More Dark Days For Nortel
By The Canadian Press
TORONTO (Bederwanaag) November 10, 2008: Nortel Networks Corp. (TSX: NT.TO) is cutting 1,300 more jobs and freezing salaries after a multibillion-dollar quarterly loss amid "worsening economic conditions." The Toronto-headquartered international telecommunications equipment maker, reporting in U.S. dollars, said Monday it had a third-quarter net loss of $3.41 billion. Sales declined 14 per cent to $2.32 billion, and the net loss was swollen by a $1.14-billion writeoff of goodwill - the amount paid for previous acquisitions above their tangible value - as well as a $2.13-billion income tax hit.
In releasing the results, Nortel also said it is suspending dividend payments on two series of preferred shares. The cost-cutting plan includes measures to "eliminate or consolidate executive and management positions company-wide." The 1,300 job cuts are to be made "incrementally" - 25 per cent by the end of this year and the rest through 2009 - and an existing hiring freeze will be extended.
"We have seen worsening economic conditions, together with extreme volatility in the financial, foreign exchange and credit markets globally, further impacting the industry, Nortel and its customers," CEO Mike Zafirovski stated. "We are therefore taking further decisive actions in an environment of decreased visibility and customer spending levels."
Zafirovski described the non-cash charges to goodwill and the deferred tax asset as "prudent and appropriate actions in re-evaluating key assumptions and projections." He added that if Nortel makes money in the future, "the benefit of the tax asset remains available."' The third-quarter net loss was worth $6.85 per share, compared with net income of $27 million or five cents per share in the year-ago period, when revenue was $2.71 billion.

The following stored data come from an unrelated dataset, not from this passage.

lemma bezout_domain_coprime_cofactors:
  fixes a b :: "'a::idom"
  assumes "bezout_domain TYPE('a)" "a \<noteq> 0 \<or> b \<noteq> 0"
  shows "\<exists>d p q e f. d \<noteq> 0 \<and> a = d * p \<and> b = d * q \<and> p * e + q * f = 1"
proof -
  obtain d where d: "gen_ideal {a, b} = {d * r | r. True}"
    using assms(1) unfolding bezout_domain_def by (meson finite.emptyI finite.insertI)
  have "d * 1 \<in> gen_ideal {a, b}" unfolding d by blast
  then obtain e f where def: "d = a * e + b * f"
    unfolding gen_ideal_pair by auto
  have "a \<in> gen_ideal {a, b}" "b \<in> gen_ideal {a, b}" by (simp_all add: gen_ideal_generator)
  then obtain p q where pq: "a = d * p" "b = d * q" unfolding d by blast
  then have "d \<noteq> 0" using assms(2) by auto
  moreover have "d * (p * e + q * f) = d * 1" using def pq by (simp add: algebra_simps)
  ultimately have "p * e + q * f = 1" by simp
  with pq \<open>d \<noteq> 0\<close> show ?thesis by blast
qed

section \<open>Two-by-two matrices\<close>

definition mk2 :: "'a \<Rightarrow> 'a \<Rightarrow> 'a \<Rightarrow> 'a \<Rightarrow> 'a mat2" where
  "mk2 a b c d = (\<chi> i j. if i = 1 then (if j = 1 then a else b) else (if j = 1 then c else d))"

lemma mk2_nth [simp]:
  "mk2 a b c d $ 1 $ 1 = a" "mk2 a b c d $ 1 $ 2 = b" "mk2 a b c d $ 2 $ 1 = c" "mk2 a b c d $ 2 $ 2 = d"
  by (simp_all add: mk2_def)

lemma mat_nth [simp]: "mat k $ i $ j = (if i = j then k else 0)"
  by (simp add: mat_def)

lemma mat2_eq_iff:
  "(M :: 'a mat2) = N \<longleftrightarrow>
     M $ 1 $ 1 = N $ 1 $ 1 \<and> M $ 1 $ 2 = N $ 1 $ 2 \<and> M $ 2 $ 1 = N $ 2 $ 1 \<and> M $ 2 $ 2 = N $ 2 $ 2"
  unfolding vec_eq_iff forall_2 by auto

lemma mat2_mult_nth: "((A :: 'a::semiring_1 mat2) ** B) $ i $ j = A $ i $ 1 * B $ 1 $ j + A $ i $ 2 * B $ 2 $ j"
  by (simp add: matrix_matrix_mult_def sum_2)

lemma matrix_add_rdistrib: "((A :: 'a::semiring_1^'n^'m) + B) ** C = A ** C + B ** C"
  by (simp add: matrix_matrix_mult_def vec_eq_iff sum.distrib distrib_right)

lemma mk2_mult_adjugate:
  fixes a b c d :: "'a::comm_ring_1"
  shows "mk2 a b c d ** mk2 d (- b) (- c) a = mat (a * d - b * c)"
  by (simp add: mat2_eq_iff mat2_mult_nth algebra_simps)

lemma adjugate_mult_mk2:
  fixes a b c d :: "'a::comm_ring_1"
  shows "mk2 d (- b) (- c) a ** mk2 a b c d = mat (a * d - b * c)"
  by (simp add: mat2_eq_iff mat2_mult_nth algebra_simps)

The 14 per year year-over-year revenue decline "resulted from a challenging economic environment, competitive pressures and reduced spending by key carrier customers," the company said. The latest expense-reduction moves, "together with ongoing restructuring and other cost reduction measures are expected to reduce annual gross costs by approximately $400 million in 2009." Effective Jan. 1, Nortel "will decentralize several corporate functions and transition to a vertically integrated business unit," in part to reduce duplication. Coinciding with this will come the departures of chief marketing officer Lauren Flaherty, chief technology officer John Roese, global services president Dietmar Wendt and executive vice-president of global sales Bill Nelson.
The company said there is "no update at this time" on its effort to sell its metro ethernet networking division. Nortel said it held $2.3 billion in cash at Sept. 30, after negative operating cash flow of $144 million during the quarter. The company "continues to experience significant pressure on its business and the deterioration of its cash and liquidity as customers across all businesses, in particular in North America, respond to expanding macroeconomic and industry conditions and uncertainty by delaying or reducing their capital expenditures."
In suspending dividends on Nortel Networks Ltd. Series 5 cumulative and Series 7 non-cumulative preferred shares, the company stated that "while NNL is in a position to pay such dividends, its board of directors has determined that in this uncertain economic environment it would be prudent to maintain liquidity and preserve cash."